═════ Data provided ═════
(* Consider the SWLME system $\partial_t U+\partial_x F(U)+B(U)\partial_x U=0$ in the conservative variables $U=(h,q,m_1,\dots,m_N)$ with $q=hu_m$, $m_i=h\alpha_i$, on the state space $h>0$, where $$F(U)=\Big(q,\ \frac{q^2}{h}+\frac g2h^2+\sum_{i=1}^N\frac{m_i^2}{(2i+1)h},\ \frac{2qm_1}{h},\dots,\frac{2qm_N}{h}\Big)^T,\quad B(U)=\mathrm{diag}(0,0,-u_m,\dots,-u_m),$$ and $g>0$. Let $A(U)=\frac{\partial F}{\partial U}(U)+B(U)$, with eigenvalues $\lambda_{1,2}=u_m\pm c$, $c=\sqrt{gh+\sum_{i=1}^N\frac{3\alpha_i^2}{2i+1}}$, and $\lambda_{i+2}=u_m$ ($i=1,\dots,N$). Then the characteristic fields associated with $\lambda_1$ and $\lambda_2$ are genuinely nonlinear, i.e. $\nabla_U\lambda_k(U)\cdot r_k(U)\neq 0$ for every $U$ with $h>0$ and every eigenvector $r_k$ of $A(U)$ for $\lambda_k$ ($k=1,2$), and the eigenvalue $u_m$ is linearly degenerate, i.e. $\nabla_U u_m\cdot r=0$ for every eigenvector $r$ of $A(U)$ associated with the eigenvalue $u_m$.
   Context: SWLME = Shallow Water Linearized Moment Equations: $h$ water height, $u_m$ mean horizontal velocity, $\alpha_i$ coefficients of the vertical velocity profile expansion in Legendre-type basis functions, $g$ gravitational constant. Gradients are taken with respect to the conservative variables $(h,q,m_1,\dots,m_N)$, with $u_m=q/h$, $\alpha_i=m_i/h$. *)

theory Defs
  imports "HOL-Analysis.Analysis"
begin

text \<open>State vectors U = (h, q, m_1, ..., m_N) are represented as functions
  nat => real, using indices 0..N+1: U 0 = h, U 1 = q, U (i+1) = m_i (1 <= i <= N).
  Entries with index > N+1 are irrelevant.\<close>

definition swF :: "real \<Rightarrow> nat \<Rightarrow> (nat \<Rightarrow> real) \<Rightarrow> nat \<Rightarrow> real" where
  "swF g N U k =
     (if k = 0 then U 1
      else if k = 1 then (U 1)^2 / U 0 + g / 2 * (U 0)^2
                         + (\<Sum>i=1..N. (U (i+1))^2 / ((2 * real i + 1) * U 0))
      else if k \<le> N + 1 then 2 * U 1 * U k / U 0
      else 0)"

definition swB :: "nat \<Rightarrow> (nat \<Rightarrow> real) \<Rightarrow> nat \<Rightarrow> nat \<Rightarrow> real" where
  "swB N U k j = (if k = j \<and> 2 \<le> k \<and> k \<le> N + 1 then - (U 1 / U 0) else 0)"

definition pderivU :: "((nat \<Rightarrow> real) \<Rightarrow> real) \<Rightarrow> (nat \<Rightarrow> real) \<Rightarrow> nat \<Rightarrow> real" where
  "pderivU f U j = deriv (\<lambda>t. f (U(j := t))) (U j)"

definition swA :: "real \<Rightarrow> nat \<Rightarrow> (nat \<Rightarrow> real) \<Rightarrow> nat \<Rightarrow> nat \<Rightarrow> real" where
  "swA g N U k j = pderivU (\<lambda>V. swF g N V k) U j + swB N U k j"

definition um :: "(nat \<Rightarrow> real) \<Rightarrow> real" where
  "um U = U 1 / U 0"

definition swc :: "real \<Rightarrow> nat \<Rightarrow> (nat \<Rightarrow> real) \<Rightarrow> real" where
  "swc g N U = sqrt (g * U 0 + (\<Sum>i=1..N. 3 * (U (i+1) / U 0)^2 / (2 * real i + 1)))"

definition lam1 :: "real \<Rightarrow> nat \<Rightarrow> (nat \<Rightarrow> real) \<Rightarrow> real" where
  "lam1 g N U = um U - swc g N U"

definition lam2 :: "real \<Rightarrow> nat \<Rightarrow> (nat \<Rightarrow> real) \<Rightarrow> real" where
  "lam2 g N U = um U + swc g N U"

definition is_eigvec :: "real \<Rightarrow> nat \<Rightarrow> (nat \<Rightarrow> real) \<Rightarrow> real \<Rightarrow> (nat \<Rightarrow> real) \<Rightarrow> bool" where
  "is_eigvec g N U lam r \<longleftrightarrow>
     (\<exists>j\<le>N+1. r j \<noteq> 0) \<and>
     (\<forall>k\<le>N+1. (\<Sum>j\<le>N+1. swA g N U k j * r j) = lam * r k)"

definition grad_dot :: "nat \<Rightarrow> ((nat \<Rightarrow> real) \<Rightarrow> real) \<Rightarrow> (nat \<Rightarrow> real) \<Rightarrow> (nat \<Rightarrow> real) \<Rightarrow> real" where
  "grad_dot N f U r = (\<Sum>j\<le>N+1. pderivU f U j * r j)"

end

theory Submission
  imports Defs
begin

text \<open>Write c^2 = g h + Q with Q = \<Sum> 3 \<alpha>_i^2 / (2i+1). The first row of A(U) gives
  r_1 = \<lambda> r_0 for every eigenvector, and for \<lambda> \<noteq> u_m the moment rows force
  r = r_0 (1, \<lambda>, 2 \<alpha>_1, ..., 2 \<alpha>_N) with r_0 \<noteq> 0. Along such r one finds
  \<nabla>u_m \<cdot> r = (r_1 - u_m r_0) / h and \<nabla>(c^2) \<cdot> r = (g + 2 Q / h) r_0, so for \<lambda> = u_m \<plusminus> c
  \<nabla>\<lambda> \<cdot> r = \<plusminus> r_0 (c / h + (g + 2 Q / h) / (2 c)), which cannot vanish. For \<lambda> = u_m the
  first row alone gives \<nabla>u_m \<cdot> r = (r_1 - u_m r_0) / h = 0.\<close>

lemma pderivU_eqI:
  "((\<lambda>t. f (U(j := t))) has_real_derivative D) (at (U j)) \<Longrightarrow> pderivU f U j = D"
  unfolding pderivU_def by (rule DERIV_imp_deriv)

lemma sum_atMost_Suc_split:
  fixes f :: "nat \<Rightarrow> 'a::comm_monoid_add"
  shows "(\<Sum>j\<le>N+1. f j) = f 0 + f 1 + (\<Sum>i=1..N. f (i+1))"
proof -
  have "(\<Sum>j\<le>N+1. f j) = f 0 + (\<Sum>i=0..N. f (i+1))"
    by (simp add: sum.atMost_Suc_shift atLeast0AtMost del: sum.atMost_Suc)
  also have "\<dots> = f 0 + f 1 + (\<Sum>i=1..N. f (i+1))"
    by (subst sum.atLeast_Suc_atMost) (auto simp: add.assoc)
  finally show ?thesis .
qed

definition moment_energy :: "nat \<Rightarrow> (nat \<Rightarrow> real) \<Rightarrow> real" where
  "moment_energy N U = (\<Sum>i=1..N. 3 * (U (i+1) / U 0)^2 / (2 * real i + 1))"

lemma swc_eq: "swc g N U = sqrt (g * U 0 + moment_energy N U)"
  unfolding swc_def moment_energy_def ..

lemma moment_energy_nonneg: "moment_energy N U \<ge> 0"
  unfolding moment_energy_def by (intro sum_nonneg) auto

lemma moment_energy_eq_div:
  "moment_energy N U = (\<Sum>i=1..N. 3 * (U (i+1))^2 / (2 * real i + 1)) / (U 0)^2"
  unfolding moment_energy_def sum_divide_distrib
  by (intro sum.cong) (auto simp: power_divide)

lemma moment_energy_has_derivative_h:
  assumes "U 0 > 0"
  shows "((\<lambda>t. moment_energy N (U(0 := t))) has_real_derivative - 2 * moment_energy N U / U 0)
           (at (U 0))"
proof -
  define M where "M = (\<Sum>i=1..N. 3 * (U (i+1))^2 / (2 * real i + 1))"
  have "(\<lambda>t. moment_energy N (U(0 := t))) = (\<lambda>t. M / t^2)"
    unfolding moment_energy_eq_div M_def by auto
  moreover have "((\<lambda>t. M / t^2) has_real_derivative - 2 * (M / (U 0)^2) / U 0) (at (U 0))"
    using assms by (auto intro!: derivative_eq_intros simp: field_simps power2_eq_square)
  ultimately show ?thesis
    unfolding moment_energy_eq_div M_def by simp
qed

lemma moment_energy_has_derivative_moment:
  assumes "U 0 > 0" "2 \<le> k" "k \<le> N+1"
  shows "((\<lambda>t. moment_energy N (U(k := t))) has_real_derivative
           6 * U k / ((U 0)^2 * (2 * real (k-1) + 1))) (at (U k))"
proof -
  have summand: "((\<lambda>t. 3 * ((U(k := t)) (i+1) / (U(k := t)) 0)^2 / (2 * real i + 1))
      has_real_derivative
      (if i = k - 1 then 6 * U k / ((U 0)^2 * (2 * real (k-1) + 1)) else 0)) (at (U k))" for i
  proof (cases "i = k - 1")
    case True
    then have "(\<lambda>t. 3 * ((U(k := t)) (i+1) / (U(k := t)) 0)^2 / (2 * real i + 1))
        = (\<lambda>t. 3 * (t / U 0)^2 / (2 * real (k-1) + 1))"
      using assms by auto
    moreover have "((\<lambda>t. 3 * (t / U 0)^2 / (2 * real (k-1) + 1)) has_real_derivative
        6 * U k / ((U 0)^2 * (2 * real (k-1) + 1))) (at (U k))"
      using assms by (auto intro!: derivative_eq_intros simp: power2_eq_square)
    ultimately show ?thesis using True by simp
  next
    case False
    moreover have "i + 1 \<noteq> k" "k \<noteq> 0" using False assms by auto
    ultimately show ?thesis by simp
  qed
  have "((\<lambda>t. moment_energy N (U(k := t))) has_real_derivative
      (\<Sum>i\<in>{1..N}. if i = k - 1 then 6 * U k / ((U 0)^2 * (2 * real (k-1) + 1)) else 0))
      (at (U k))"
    unfolding moment_energy_def by (rule DERIV_sum) (rule summand)
  moreover have "k - 1 \<in> {1..N}" using assms by auto
  ultimately show ?thesis by simp
qed

lemma moment_energy_has_derivative_other:
  assumes "j \<noteq> 0" "\<not> (2 \<le> j \<and> j \<le> N+1)"
  shows "((\<lambda>t. moment_energy N (U(j := t))) has_real_derivative 0) (at (U j))"
proof -
  have "(\<lambda>t. moment_energy N (U(j := t))) = (\<lambda>t. moment_energy N U)"
    unfolding moment_energy_def using assms by (intro ext sum.cong) auto
  then show ?thesis by simp
qed

definition celerity_sq_partial :: "real \<Rightarrow> nat \<Rightarrow> (nat \<Rightarrow> real) \<Rightarrow> nat \<Rightarrow> real" where
  "celerity_sq_partial g N U j =
     (if j = 0 then g - 2 * moment_energy N U / U 0
      else if 2 \<le> j \<and> j \<le> N+1 then 6 * U j / ((U 0)^2 * (2 * real (j-1) + 1))
      else 0)"

lemma celerity_sq_has_partial:
  assumes "U 0 > 0"
  shows "((\<lambda>t. g * (U(j := t)) 0 + moment_energy N (U(j := t))) has_real_derivative
           celerity_sq_partial g N U j) (at (U j))"
proof -
  consider "j = 0" | "2 \<le> j \<and> j \<le> N+1" | "j \<noteq> 0" "\<not> (2 \<le> j \<and> j \<le> N+1)" by blast
  then show ?thesis
  proof cases
    case 1
    then show ?thesis unfolding celerity_sq_partial_def
      using DERIV_add[OF DERIV_cmult[OF DERIV_ident] moment_energy_has_derivative_h[of U N, OF assms]]
      by simp
  next
    case 2
    then show ?thesis unfolding celerity_sq_partial_def
      using DERIV_add[OF DERIV_const moment_energy_has_derivative_moment[of U j N, OF assms]]
      by auto
  next
    case 3
    then show ?thesis unfolding celerity_sq_partial_def
      using DERIV_add[OF DERIV_const moment_energy_has_derivative_other] by auto
  qed
qed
═════
Assignment:
The expected answer is a copy of each line in the records that holds the word "functions".

Result of the exercise:
   Context: SWLME = Shallow Water Linearized Moment Equations: $h$ water height, $u_m$ mean horizontal velocity, $\alpha_i$ coefficients of the vertical velocity profile expansion in Legendre-type basis functions, $g$ gravitational constant. Gradients are taken with respect to the conservative variables $(h,q,m_1,\dots,m_N)$, with $u_m=q/h$, $\alpha_i=m_i/h$. *)
text \<open>State vectors U = (h, q, m_1, ..., m_N) are represented as functions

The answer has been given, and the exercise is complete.